Records to use:

(* Let $1\le m\le n$ and let $f\in W^{1,1}_{\mathrm{loc}}(\mathbb{R}^n;\mathbb{R}^m)$ (a fixed pointwise defined representative). Let $\bar f(x)=(x,f(x))$, $\mathcal{G}_f=\bar f(\mathbb{R}^n)$ and $\pi:\mathbb{R}^{n+m}\to\mathbb{R}^n$, $\pi(x,x_{n+1},\dots,x_{n+m})=x$. Suppose there is $\theta\in L^1_{\mathrm{loc}}(\mathbb{R}^n)$ such that $$\mathcal{H}^{n-m}_\infty\bigl(\pi(\mathcal{G}_f\cap B(z,r))\bigr)\le r^{-m}\int_{\pi(\mathcal{G}_f\cap B(z,4r))}\theta(x)\,dx$$ for all $z\in\mathbb{R}^{n+m}$ and $r>0$. Then there is a constant $C=C(m,n)$ such that $$\mathcal{H}^n(\bar f(E))\le C\int_E\theta(x)\,dx$$ for all $\mathcal{L}^n$ measurable $E\subset\mathbb{R}^n$. In particular, $\bar f$ satisfies condition (N), i.e. $\mathcal{H}^n(\bar f(E))=0$ whenever $\mathcal{L}^n(E)=0$.
   Context: For $q\ge0$, $\mathcal{H}^q_\infty(E)$ is the infimum of $\sum_j\boldsymbol\alpha_q(\mathrm{diam}\,E_j/2)^q$ over countable coverings $\{E_j\}$ of $E$, with $\boldsymbol\alpha_q=\pi^{q/2}/\Gamma(\frac q2+1)$; $\mathcal{H}^n$ is $n$-dimensional Hausdorff measure. *)

theory Defs
  imports "HOL-Analysis.Analysis"
begin

definition locally_integrable ::
  "('a::euclidean_space \<Rightarrow> 'b::{banach,second_countable_topology}) \<Rightarrow> bool" where
  "locally_integrable f \<longleftrightarrow> (\<forall>K. compact K \<longrightarrow> set_integrable lebesgue K f)"

fun Ck :: "nat \<Rightarrow> (real^'n \<Rightarrow> real) \<Rightarrow> bool" where
  "Ck 0 f = continuous_on UNIV f"
| "Ck (Suc k) f = (f differentiable_on UNIV \<and> continuous_on UNIV f \<and>
      (\<forall>i. Ck k (\<lambda>x. frechet_derivative f (at x) (axis i 1))))"

definition Cinf :: "(real^'n \<Rightarrow> real) \<Rightarrow> bool" where
  "Cinf f \<longleftrightarrow> (\<forall>k. Ck k f)"

definition test_function :: "(real^'n \<Rightarrow> real) \<Rightarrow> bool" where
  "test_function \<phi> \<longleftrightarrow> Cinf \<phi> \<and> compact (closure {x. \<phi> x \<noteq> 0})"
(* Let $f_1,\dots,f_n\colon\mathbb R\to\mathbb R$ and $\eta\colon\mathbb R\times\mathbb R\to(0,\infty)$ be smooth with $\eta(x,0)=1$, and consider the metric $(\star)$ on $\mathbb R^{n+2}$, with scalar curvature $\mathrm{Scal}(x,u)=-2\eta_{uu}/\eta$. Let $k_\gamma(x)=-\eta_u(x,0)$. If $\mathrm{Scal}<0$ everywhere and there is $\varepsilon>0$ such that $|k_\gamma(x)|\le(1-\varepsilon)\sqrt{\tfrac12|\mathrm{Scal}(x,u)|}$ for all $x,u$, then the metric is complete.
   Context: The metric $(\star)$: on $\mathbb R\times\mathbb R^{n+1}$ with coordinates $(x,u,v_1,\dots,v_n)$, conventions $v_0=u$, $v_{-1}=v_{n+1}=0$, $f_0=f_{n+1}=0$, $g_{\eta,f}=\eta(x,u)^2dx^2+\sum_{j=0}^n\big(dv_j+(v_{j-1}f_j(x)-v_{j+1}f_{j+1}(x))dx\big)^2$. $k_\gamma$ is the geodesic curvature of $\gamma(x)=(x,0,\dots,0)$. *)

theory Defs
  imports "HOL-Analysis.Analysis"
begin

definition smooth1 :: "(real \<Rightarrow> real) \<Rightarrow> bool" where
  "smooth1 h \<longleftrightarrow> (\<forall>k x. ((deriv ^^ k) h) differentiable (at x))"

text \<open>Iterated partial derivatives of a function of two real variables (x,u):
  True = derivative in x, False = derivative in u.\<close>
fun pd :: "bool list \<Rightarrow> (real \<Rightarrow> real \<Rightarrow> real) \<Rightarrow> real \<Rightarrow> real \<Rightarrow> real" where
  "pd [] h = h"
| "pd (True # ds) h = (\<lambda>x u. deriv (\<lambda>y. pd ds h y u) x)"
| "pd (False # ds) h = (\<lambda>x u. deriv (\<lambda>v. pd ds h x v) u)"

definition smooth2 :: "(real \<Rightarrow> real \<Rightarrow> real) \<Rightarrow> bool" where
  "smooth2 h \<longleftrightarrow> (\<forall>ds.
      continuous_on UNIV (\<lambda>p. pd ds h (fst p) (snd p)) \<and>
      (\<forall>x u. (\<lambda>y. pd ds h y u) differentiable (at x) \<and>
             (\<lambda>v. pd ds h x v) differentiable (at u)))"

text \<open>A point of R x R^(n+1) is encoded as p :: nat => real with
  p 0 = x, p (j+1) = v_j (j = 0..n, v_0 = u), and p k = 0 for k > n+1.\<close>

definition pts :: "nat \<Rightarrow> (nat \<Rightarrow> real) set" where
  "pts n = {p. \<forall>k>Suc n. p k = 0}"

text \<open>f_j for j = 1..n; the conventions f_0 = f_(n+1) = 0.\<close>
definition fc :: "nat \<Rightarrow> (nat \<Rightarrow> real \<Rightarrow> real) \<Rightarrow> nat \<Rightarrow> real \<Rightarrow> real" where
  "fc n f j x = (if 1 \<le> j \<and> j \<le> n then f j x else 0)"

text \<open>v_j of a point, with v_(-1) = v_(n+1) = 0 (j is an int index).\<close>
definition vc :: "nat \<Rightarrow> (nat \<Rightarrow> real) \<Rightarrow> int \<Rightarrow> real" where
  "vc n p j = (if 0 \<le> j \<and> j \<le> int n then p (Suc (nat j)) else 0)"
lemma cexp_mult_G:
  assumes cW: "cond_integrable W" and l[measurable]: "l \<in> borel_measurable G"
  shows "cond_integrable (\<lambda>x. l x * W x) \<and>
    (AE x in M. cexp M G (\<lambda>x. l x * W x) x = ereal (l x) * cexp M G W x)"
proof -
  have [measurable]: "W \<in> borel_measurable M" using cW by (rule cond_integrable_measurable)
  have [measurable]: "l \<in> borel_measurable M" by (rule measurable_from_G) (rule l)
  define lp where "lp = (\<lambda>x. max (l x) 0)"
  define lm where "lm = (\<lambda>x. max (- l x) 0)"
  have [measurable]: "lp \<in> borel_measurable G" "lm \<in> borel_measurable G" unfolding lp_def lm_def by auto
  have [measurable]: "lp \<in> borel_measurable M" "lm \<in> borel_measurable M"
    by (auto intro: measurable_from_G)
  define a where "a = nn_cond_exp M G (\<lambda>x. ennreal (W x))"
  define b where "b = nn_cond_exp M G (\<lambda>x. ennreal (- W x))"
  have k1: "AE x in M. nn_cond_exp M G (\<lambda>x. ennreal (lp x * max (W x) 0 + lm x * max (- W x) 0)) x
               = ennreal (lp x) * a x + ennreal (lm x) * b x"
    unfolding a_def b_def by (rule nn_cond_exp_weighted_parts) (auto simp: lp_def lm_def)
  have k2: "AE x in M. nn_cond_exp M G (\<lambda>x. ennreal (lp x * max (- W x) 0 + lm x * max (W x) 0)) x
               = ennreal (lp x) * b x + ennreal (lm x) * a x"
    unfolding a_def b_def using nn_cond_exp_weighted_parts[of lp lm "\<lambda>x. - W x"]
    by (simp add: lp_def lm_def)
  have fin: "AE x in M. a x < top \<and> b x < top"
    using cond_integrable_parts_finite[OF cW] unfolding a_def b_def .
  have f1: "AE x in M. nn_cond_exp M G (\<lambda>x. ennreal (lp x * max (W x) 0 + lm x * max (- W x) 0)) x < top"
    using k1 fin by eventually_elim (simp add: ennreal_mult_less_top)
  have f2: "AE x in M. nn_cond_exp M G (\<lambda>x. ennreal (lp x * max (- W x) 0 + lm x * max (W x) 0)) x < top"
    using k2 fin by eventually_elim (simp add: ennreal_mult_less_top)
  have D: "cond_integrable (\<lambda>x. l x * W x) \<and> (AE x in M. cexp M G (\<lambda>x. l x * W x) x =
      ereal (enn2real (nn_cond_exp M G (\<lambda>x. ennreal (lp x * max (W x) 0 + lm x * max (- W x) 0)) x)
           - enn2real (nn_cond_exp M G (\<lambda>x. ennreal (lp x * max (- W x) 0 + lm x * max (W x) 0)) x)))"
    by (rule cexp_difference) (use f1 f2 in \<open>auto simp: lp_def lm_def max_def algebra_simps\<close>)
  have "AE x in M. cexp M G (\<lambda>x. l x * W x) x = ereal (l x) * cexp M G W x"
    using conjunct2[OF D] k1 k2 fin cexp_parts[OF cW]
  proof eventually_elim
    case (elim x)
    have lx: "l x = lp x - lm x" and nn: "0 \<le> lp x" "0 \<le> lm x"
      unfolding lp_def lm_def by (auto simp: max_def)
    have "enn2real (ennreal (lp x) * a x + ennreal (lm x) * b x)
        = lp x * enn2real (a x) + lm x * enn2real (b x)"
      using elim nn by (simp add: enn2real_weighted_sum)
    moreover have "enn2real (ennreal (lp x) * b x + ennreal (lm x) * a x)
        = lp x * enn2real (b x) + lm x * enn2real (a x)"
      using elim nn by (simp add: enn2real_weighted_sum)
    moreover have "(lp x * enn2real (a x) + lm x * enn2real (b x))
        - (lp x * enn2real (b x) + lm x * enn2real (a x)) = l x * (enn2real (a x) - enn2real (b x))"
      unfolding lx by (simp add: algebra_simps)
    ultimately show ?case using elim by (simp add: a_def[symmetric] b_def[symmetric])
  qed
  with D show ?thesis by simp
qed

lemma cexp_add_scaled:
  assumes cU: "cond_integrable U" and cV: "cond_integrable V" and [measurable]: "l \<in> borel_measurable G"
  shows "AE x in M. cexp M G (\<lambda>x. U x + l x * V x) x = cexp M G U x + ereal (l x) * cexp M G V x"
proof -
  have S: "cond_integrable (\<lambda>x. l x * V x) \<and>
      (AE x in M. cexp M G (\<lambda>x. l x * V x) x = ereal (l x) * cexp M G V x)"
    by (rule cexp_mult_G[OF cV]) simp
  have "AE x in M. cexp M G (\<lambda>x. U x + l x * V x) x = cexp M G U x + cexp M G (\<lambda>x. l x * V x) x"
    using cexp_add[OF cU conjunct1[OF S]] by (rule conjunct2)
  with conjunct2[OF S] show ?thesis by eventually_elim simp
qed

Work item: How many lines in the records above contain the word "case"? State that number and nothing more.

Exercise solution: 2